Primary functions of bioinformatics include:
- Accessing and processing data,
- Storing and sharing information,
- Visualizing and annotating genomic data.

Identifying Features in the Genome

Important DNA features to identify in any genome include:
- Regulatory elements (where proteins bind to DNA).
- Transcription elements, such as promoters and regulatory elements.
- Ribosome and tRNA binding sites along the mRNA.
- Splice sites for introns and exons.
The goal is to understand complex genomics interactions and the specific roles of genes within a broader biological context.

Gene Identification Approaches

Genes are identified based on conserved regions like:
- Ribosome binding sites,
- TATA boxes,
- The transcriptome or comprehensive analysis of mRNA sequences.
Proteomic analyses, such as mass spectrometry, can connect proteins' amino acid sequences back to their respective gene sequences.

Annotation of Genomic Data

Annotation defines the identification of functional elements within a genome, encompassing:
- Open Reading Frames (ORFs), and sites for protein and RNA binding.
- Expressed Sequence Tags (ESTs) that correspond to mRNAs, revealing transcriptions.

Utilizing Databases and Tools

Researchers utilize online tools like BLAST (Basic Local Alignment Search Tool) for matching and analyzing DNA and protein sequences, with available search types such as:
- Nucleotide BLAST (BLASTN): Matches nucleotide sequences.
- Protein BLAST (BLASTP): Matches amino acid sequences.
- Translated BLAST (BLASTX): Matches protein sequences derived from translated DNA.

Learning about the Human Genome

The Human Genome Project was a fundamental initiative launched in October 1990 and completed in April 2003, culminating in the complete sequence of the human genome.
- It revealed the human genetic blueprint, enhancing the understanding of human biology and healthcare practices.

Findings from the Human Genome Project

Key findings include:
- Approximately 20,500 protein-coding genes in the human genome.
- 45% of the genome comprises repetitive sequences, predominantly transposons.
- Under 3% encodes exons of genes, averaging ~150 base pairs per exon, with most mRNA containing around 10 exons.
- Introns can range from 1,000 to 100,000 base pairs, significantly larger than exons.
- There are roughly 19,000 pseudogenes present.

Comparative Genomics

Comparative genomics aids in understanding evolutionary relationships by examining the genomes of closely related and distantly related species.
Homologs define closely related genes and can be categorized into:
- Orthologs: Genes in different species derived from a common ancestor.
- Paralogs: Genes within the same genome resulting from gene duplication.

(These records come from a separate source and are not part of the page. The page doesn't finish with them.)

lemma perm_mat_mult:
  assumes p: "p permutes {1..n}" and q: "q permutes {1..n}"
  shows "perm_mat n p * perm_mat n q = perm_mat n (p \<circ> q)"
proof (rule eq_matI)
  fix i j assume "i < dim_row (perm_mat n (p \<circ> q))" "j < dim_col (perm_mat n (p \<circ> q))"
  then have i: "i < n" and j: "j < n" by (simp_all add: perm_mat_def)
  have "inv' p (Suc i) \<in> {1..n}" using permutes_in_image[OF permutes_inv[OF p]] i by simp
  then have l: "inv' p (Suc i) - 1 < n" "Suc (inv' p (Suc i) - 1) = inv' p (Suc i)" by auto
  have "(perm_mat n p * perm_mat n q) $$ (i, j) = perm_mat n q $$ (inv' p (Suc i) - 1, j)"
    by (rule perm_mat_mult_index[OF p _ i j]) simp
  also have "\<dots> = (if inv' p (Suc i) = q (Suc j) then 1 else 0)"
    using l j by (simp add: perm_mat_def)
  also have "\<dots> = perm_mat n (p \<circ> q) $$ (i, j)"
  proof -
    have "inv' p (Suc i) = q (Suc j) \<longleftrightarrow> Suc i = p (q (Suc j))"
      using permutes_inverses[OF p] by metis
    then show ?thesis using i j by (simp add: perm_mat_def)
  qed
  finally show "(perm_mat n p * perm_mat n q) $$ (i, j) = perm_mat n (p \<circ> q) $$ (i, j)" .
qed (simp_all add: perm_mat_def)

lemma perm_mat_id: "perm_mat n id = 1\<^sub>m n"
  by (rule eq_matI) (auto simp: perm_mat_def)

lemma SnSn_group: "group (SnSn n)"
  unfolding SnSn_def by (rule DirProd_group[OF sym_group_is_group sym_group_is_group])

lemma two_sided_action: "group_action_on (SnSn n) (two_sided_act n) (carrier_mat n n)"
proof (intro group_action_on.intro group_action_on_axioms.intro SnSn_group)
  show "two_sided_act n \<one>\<^bsub>SnSn n\<^esub> A = A" if "A \<in> carrier_mat n n" for A
    using that permutes_id[of "{1..n}"]
    by (simp add: SnSn_def two_sided_act_def sym_group_one sym_group_carrier perm_mat_id)
  show "two_sided_act n g A \<in> carrier_mat n n" for g A
    by (intro carrier_matI) (simp_all add: two_sided_act_def perm_mat_def)
  show "two_sided_act n (g \<otimes>\<^bsub>SnSn n\<^esub> h) A = two_sided_act n g (two_sided_act n h A)"
    if "g \<in> carrier (SnSn n)" "h \<in> carrier (SnSn n)" and A: "A \<in> carrier_mat n n" for g h A
  proof -
    obtain g1 g2 h1 h2 where gh: "g = (g1, g2)" "h = (h1, h2)" by fastforce
    have perms: "g1 permutes {1..n}" "g2 permutes {1..n}" "h1 permutes {1..n}" "h2 permutes {1..n}"
      using that gh by (auto simp: SnSn_def sym_group_carrier)
    have inv_perms: "inv' g2 permutes {1..n}" "inv' h2 permutes {1..n}"
      using perms permutes_inv by blast+
    have "g \<otimes>\<^bsub>SnSn n\<^esub> h = (g1 \<circ> h1, g2 \<circ> h2)"
      by (simp add: gh SnSn_def sym_group_mult)
    moreover have "inv' (g2 \<circ> h2) = inv' h2 \<circ> inv' g2"
      using perms o_inv_distrib permutes_bij by blast
    ultimately have "two_sided_act n (g \<otimes>\<^bsub>SnSn n\<^esub> h) A
        = perm_mat n (g1 \<circ> h1) * A * perm_mat n (inv' h2 \<circ> inv' g2)"
      using permutes_compose[OF perms(4,2)] by (simp add: two_sided_act_def sym_group_carrier)
    also have "\<dots> = (perm_mat n g1 * perm_mat n h1) * A * (perm_mat n (inv' h2) * perm_mat n (inv' g2))"
      using perms inv_perms by (simp add: perm_mat_mult)
    also have "\<dots> = perm_mat n g1 * (perm_mat n h1 * A * perm_mat n (inv' h2)) * perm_mat n (inv' g2)"
      using A by (simp add: assoc_mult_mat[of _ n n _ n _ n] mult_carrier_mat[of _ n n _ n])
    also have "\<dots> = two_sided_act n g (two_sided_act n h A)"
      using perms by (simp add: gh two_sided_act_def sym_group_carrier)
    finally show ?thesis .
  qed
qed

lemma two_sided_act_index:
  assumes \<pi>: "\<pi> permutes {1..n}" and \<sigma>: "\<sigma> permutes {1..n}" and A: "A \<in> carrier_mat n n"
    and a: "a \<in> {1..n}" and b: "b \<in> {1..n}"
  shows "two_sided_act n (\<pi>, \<sigma>) A $$ (\<pi> a - 1, \<sigma> b - 1) = A $$ (a - 1, b - 1)"
proof -
  have \<pi>a: "Suc (\<pi> a - 1) = \<pi> a" "\<pi> a - 1 < n" and \<sigma>b: "Suc (\<sigma> b - 1) = \<sigma> b" "\<sigma> b - 1 < n"
    using permutes_in_image[OF \<pi>, of a] permutes_in_image[OF \<sigma>, of b] a b by auto
  have "two_sided_act n (\<pi>, \<sigma>) A = perm_mat n \<pi> * A * perm_mat n (inv' \<sigma>)"
    using \<sigma> by (simp add: two_sided_act_def sym_group_carrier)
  also have "\<dots> $$ (\<pi> a - 1, \<sigma> b - 1) = (perm_mat n \<pi> * A) $$ (\<pi> a - 1, inv' \<sigma> (Suc (\<sigma> b - 1)) - 1)"
    by (rule mult_perm_mat_index[OF permutes_inv[OF \<sigma>] _ \<pi>a(2) \<sigma>b(2)])
      (rule mult_carrier_mat[OF perm_mat_carrier A])
  also have "\<dots> = (perm_mat n \<pi> * A) $$ (\<pi> a - 1, b - 1)"
    by (simp only: \<sigma>b(1) permutes_inverses(2)[OF \<sigma>])
  also have "\<dots> = A $$ (inv' \<pi> (Suc (\<pi> a - 1)) - 1, b - 1)"
    by (rule perm_mat_mult_index[OF \<pi> A \<pi>a(2)]) (use b in auto)
  also have "\<dots> = A $$ (a - 1, b - 1)"
    by (simp only: \<pi>a(1) permutes_inverses(2)[OF \<pi>])
  finally show ?thesis .
qed

lemma young_sub_subgroup: "subgroup (young_sub n k) (sym_group n)"
proof (rule group.subgroupI[OF sym_group_is_group])
  show "young_sub n k \<subseteq> carrier (sym_group n)" by (auto simp: young_sub_def)
  show "young_sub n k \<noteq> {}"
    using permutes_id by (auto simp: young_sub_def sym_group_carrier intro!: exI[of _ id])
next
  fix p assume p: "p \<in> young_sub n k"
  then have "p permutes {1..n}" "p ` {1..k} = {1..k}" by (auto simp: young_sub_def sym_group_carrier)
  then have "inv' p ` {1..k} = {1..k}" using permutes_inj by (metis image_inv_f_f)
  then show "inv\<^bsub>sym_group n\<^esub> p \<in> young_sub n k"
    using p sym_group_inv_closed by (auto simp: young_sub_def)
next
  fix p q assume "p \<in> young_sub n k" "q \<in> young_sub n k"
  then have "p permutes {1..n}" "q permutes {1..n}" "p ` {1..k} = {1..k}" "q ` {1..k} = {1..k}"
    by (auto simp: young_sub_def sym_group_carrier)
  then have "p \<circ> q permutes {1..n}" "(p \<circ> q) ` {1..k} = {1..k}"
    using permutes_compose by (blast, metis image_comp)
  then show "p \<otimes>\<^bsub>sym_group n\<^esub> q \<in> young_sub n k"
    by (simp add: young_sub_def sym_group_mult sym_group_carrier)
qed

text \<open>On 1-based positions the four blocks of \<open>U\<^sub>n\<^sub>,\<^sub>k\<close> collapse to a single rule.\<close>
definition U_support :: "nat \<Rightarrow> nat \<Rightarrow> nat \<Rightarrow> bool" where
  "U_support k a b \<longleftrightarrow> a = b \<or> (a \<le> k \<and> a \<le> b)"

lemma U_mat_index:
  assumes "a \<in> {1..n}" "b \<in> {1..n}"
  shows "U_mat n k $$ (a - 1, b - 1) = (if U_support k a b then 1 else 0)"
  using assms by (auto simp: U_mat_def U_support_def)

lemma U_mat_carrier [simp]: "U_mat n k \<in> carrier_mat n n"
  by (simp add: U_mat_def)

lemma young_sub_if_preserves_U_support:
  assumes k: "k \<le> n" and \<pi>: "\<pi> permutes {1..n}" and \<sigma>: "\<sigma> permutes {1..n}"
    and preserves: "\<And>a b. a \<in> {1..n} \<Longrightarrow> b \<in> {1..n} \<Longrightarrow> U_support k (\<pi> a) (\<sigma> b) \<longleftrightarrow> U_support k a b"
  shows "\<pi> \<in> young_sub n k \<and> \<sigma> \<in> young_sub n k"
proof -
  have \<pi>_in: "\<pi> a \<in> {1..n}" if "a \<in> {1..n}" for a using permutes_in_image[OF \<pi>] that by simp
  have \<pi>_block: "\<pi> a \<le> k" if a: "a \<in> {1..k}" for a
    \<comment> \<open>otherwise row \<open>\<pi> a\<close> has a single 1, but row \<open>a\<close> has 1s in columns \<open>a\<close> and \<open>n\<close>\<close>
  proof (rule ccontr)
    assume "\<not> \<pi> a \<le> k"
    moreover have an: "a \<in> {1..n}" using a k by auto
    ultimately have "a < n" "n \<in> {1..n}" using a \<pi>_in by fastforce+
    have "\<sigma> b = \<pi> a" if "b \<in> {1..n}" "a \<le> b" for b
      using preserves[OF an that(1)] that a \<open>\<not> \<pi> a \<le> k\<close> by (auto simp: U_support_def)
    then have "\<sigma> a = \<sigma> n" using an \<open>a < n\<close> \<open>n \<in> {1..n}\<close> by auto
    then show False using permutes_inj[OF \<sigma>] \<open>a < n\<close> by (metis injD less_irrefl)
  qed
  have \<sigma>_block: "\<sigma> b \<le> k" if b: "b \<in> {1..k}" for b
  proof (rule ccontr)
    assume "\<not> \<sigma> b \<le> k"
    define a where "a = inv' \<pi> (\<sigma> b)"
    have bn: "b \<in> {1..n}" using b k by auto
    have "\<pi> a = \<sigma> b" "a \<in> {1..n}"
      using permutes_inverses(1)[OF \<pi>] permutes_in_image[OF permutes_inv[OF \<pi>]]
        permutes_in_image[OF \<sigma>] bn by (auto simp: a_def)
    then have "U_support k a b" using preserves[of a b] bn by (simp add: U_support_def)
    then have "a \<in> {1..k}" using b \<open>a \<in> {1..n}\<close> by (auto simp: U_support_def)
    then show False using \<pi>_block \<open>\<pi> a = \<sigma> b\<close> \<open>\<not> \<sigma> b \<le> k\<close> by metis
  qed
  have "\<pi> ` {1..k} = {1..k}"
    using \<pi>_block \<pi>_in k by (intro endo_inj_surj inj_on_subset[OF permutes_inj[OF \<pi>]]) auto
  moreover have "\<sigma> ` {1..k} = {1..k}"
    using \<sigma>_block permutes_in_image[OF \<sigma>] k
    by (intro endo_inj_surj inj_on_subset[OF permutes_inj[OF \<sigma>]]) fastforce+
  ultimately show ?thesis using \<pi> \<sigma> by (simp add: young_sub_def sym_group_carrier)
qed

lemma stabilizer_U_subset_young:
  assumes k: "k \<le> n" and g: "g \<in> carrier (SnSn n)"
    and fixes_U: "two_sided_act n g (U_mat n k) = U_mat n k"
  shows "g \<in> young_sub n k \<times> young_sub n k"
proof -
  obtain \<pi> \<sigma> where g_eq: "g = (\<pi>, \<sigma>)" by fastforce
  have \<pi>: "\<pi> permutes {1..n}" and \<sigma>: "\<sigma> permutes {1..n}"
    using g g_eq by (auto simp: SnSn_def sym_group_carrier)
  have "U_support k (\<pi> a) (\<sigma> b) \<longleftrightarrow> U_support k a b" if a: "a \<in> {1..n}" and b: "b \<in> {1..n}" for a b
  proof -
    have \<pi>a: "\<pi> a \<in> {1..n}" and \<sigma>b: "\<sigma> b \<in> {1..n}"
      using permutes_in_image[OF \<pi>] permutes_in_image[OF \<sigma>] a b by simp_all
    have "(if U_support k (\<pi> a) (\<sigma> b) then 1 else 0) = U_mat n k $$ (\<pi> a - 1, \<sigma> b - 1)"
      by (rule U_mat_index[OF \<pi>a \<sigma>b, symmetric])
    also have "\<dots> = two_sided_act n g (U_mat n k) $$ (\<pi> a - 1, \<sigma> b - 1)"
      by (simp only: fixes_U)
    also have "\<dots> = U_mat n k $$ (a - 1, b - 1)"
      unfolding g_eq by (rule two_sided_act_index[OF \<pi> \<sigma> U_mat_carrier a b])
    also have "\<dots> = (if U_support k a b then 1 else 0)"
      by (rule U_mat_index[OF a b])
    finally show ?thesis by (simp split: if_splits)
  qed
  then show ?thesis using young_sub_if_preserves_U_support[OF k \<pi> \<sigma>] by (simp add: g_eq)
qed

lemma two_sided_orbit:
  assumes "subgroup K (sym_group n)"
  shows "{perm_mat n \<pi> * A * perm_mat n \<sigma> | \<pi> \<sigma>. \<pi> \<in> K \<and> \<sigma> \<in> K}
    = (\<lambda>g. two_sided_act n g A) ` (K \<times> K)"
proof -
  interpret K: subgroup K "sym_group n" by fact
  have inv_inv: "inv\<^bsub>sym_group n\<^esub> (inv\<^bsub>sym_group n\<^esub> \<sigma>) = \<sigma>" if "\<sigma> \<in> K" for \<sigma>
    using group.inv_inv[OF sym_group_is_group K.mem_carrier[OF that]] .
  show ?thesis
  proof (intro subset_antisym subsetI)
    fix x assume "x \<in> {perm_mat n \<pi> * A * perm_mat n \<sigma> | \<pi> \<sigma>. \<pi> \<in> K \<and> \<sigma> \<in> K}"
    then obtain \<pi> \<sigma> where x: "x = perm_mat n \<pi> * A * perm_mat n \<sigma>" and K: "\<pi> \<in> K" "\<sigma> \<in> K"
      by blast
    have "x = two_sided_act n (\<pi>, inv\<^bsub>sym_group n\<^esub> \<sigma>) A"
      using x inv_inv[OF K(2)] by (simp add: two_sided_act_def)
    moreover have "(\<pi>, inv\<^bsub>sym_group n\<^esub> \<sigma>) \<in> K \<times> K" using K K.m_inv_closed by blast
    ultimately show "x \<in> (\<lambda>g. two_sided_act n g A) ` (K \<times> K)" by (rule image_eqI)
  next
    fix x assume "x \<in> (\<lambda>g. two_sided_act n g A) ` (K \<times> K)"
    then obtain \<pi> \<sigma> where "x = two_sided_act n (\<pi>, \<sigma>) A" and K: "\<pi> \<in> K" "\<sigma> \<in> K"
      by blast
    then have "x = perm_mat n \<pi> * A * perm_mat n (inv\<^bsub>sym_group n\<^esub> \<sigma>)"
      by (simp add: two_sided_act_def)
    moreover have "inv\<^bsub>sym_group n\<^esub> \<sigma> \<in> K" by (rule K.m_inv_closed[OF K(2)])
    ultimately show "x \<in> {perm_mat n \<pi> * A * perm_mat n \<sigma> | \<pi> \<sigma>. \<pi> \<in> K \<and> \<sigma> \<in> K}"
      using K by blast
  qed
qed

lemma U_stabilizer_in_young:
  assumes "k \<le> n"
  shows "stabilizer_in_subgroup (SnSn n) (two_sided_act n) (carrier_mat n n)
    (young_sub n k \<times> young_sub n k) (U_mat n k)"
proof (intro stabilizer_in_subgroup.intro stabilizer_in_subgroup_axioms.intro two_sided_action)
  show "finite (carrier (SnSn n))"
    using finite_permutations[of "{1..n}"] by (simp add: SnSn_def sym_group_def)
  show "subgroup (young_sub n k \<times> young_sub n k) (SnSn n)"
    unfolding SnSn_def
    by (rule DirProd_subgroups[OF sym_group_is_group young_sub_subgroup sym_group_is_group young_sub_subgroup])
  show "U_mat n k \<in> carrier_mat n n" by simp
qed (rule stabilizer_U_subset_young[OF assms])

Non-Coding Region Conservation

Non-coding regions between species show less conservation related to fitness but some crucial sequences may be integral for regulatory functions.

Functional Genomics Approach

The field of functional genomics investigates the following:
- The function of specific genes
- Timing and location of gene expression
- Interaction of gene products in biological systems

Reverse Genetics

Reverse genetics starts with identifying a gene, followed by experimentation to:
- Mutate, knockout, or over-express the gene
- Analyze resulting phenotypic changes.

Genome Editing Techniques

Gene Knockout (KO) eliminates gene expression by creating insertion/deletion mutations (InDels) in DNA.
Gene Knockdown (KD) reduces gene expression targeting mRNA directly using methods like RNAi.
Techniques for knocking down or removing a gene include CRISPR-Cas9 and TALEN, both enabling precise genomic alterations.

Summary

Review practical exercises related to gene sequencing and genomics to enhance understanding.
Engage with assignments and quiz material available on educational platforms for better grasp of genomic concepts.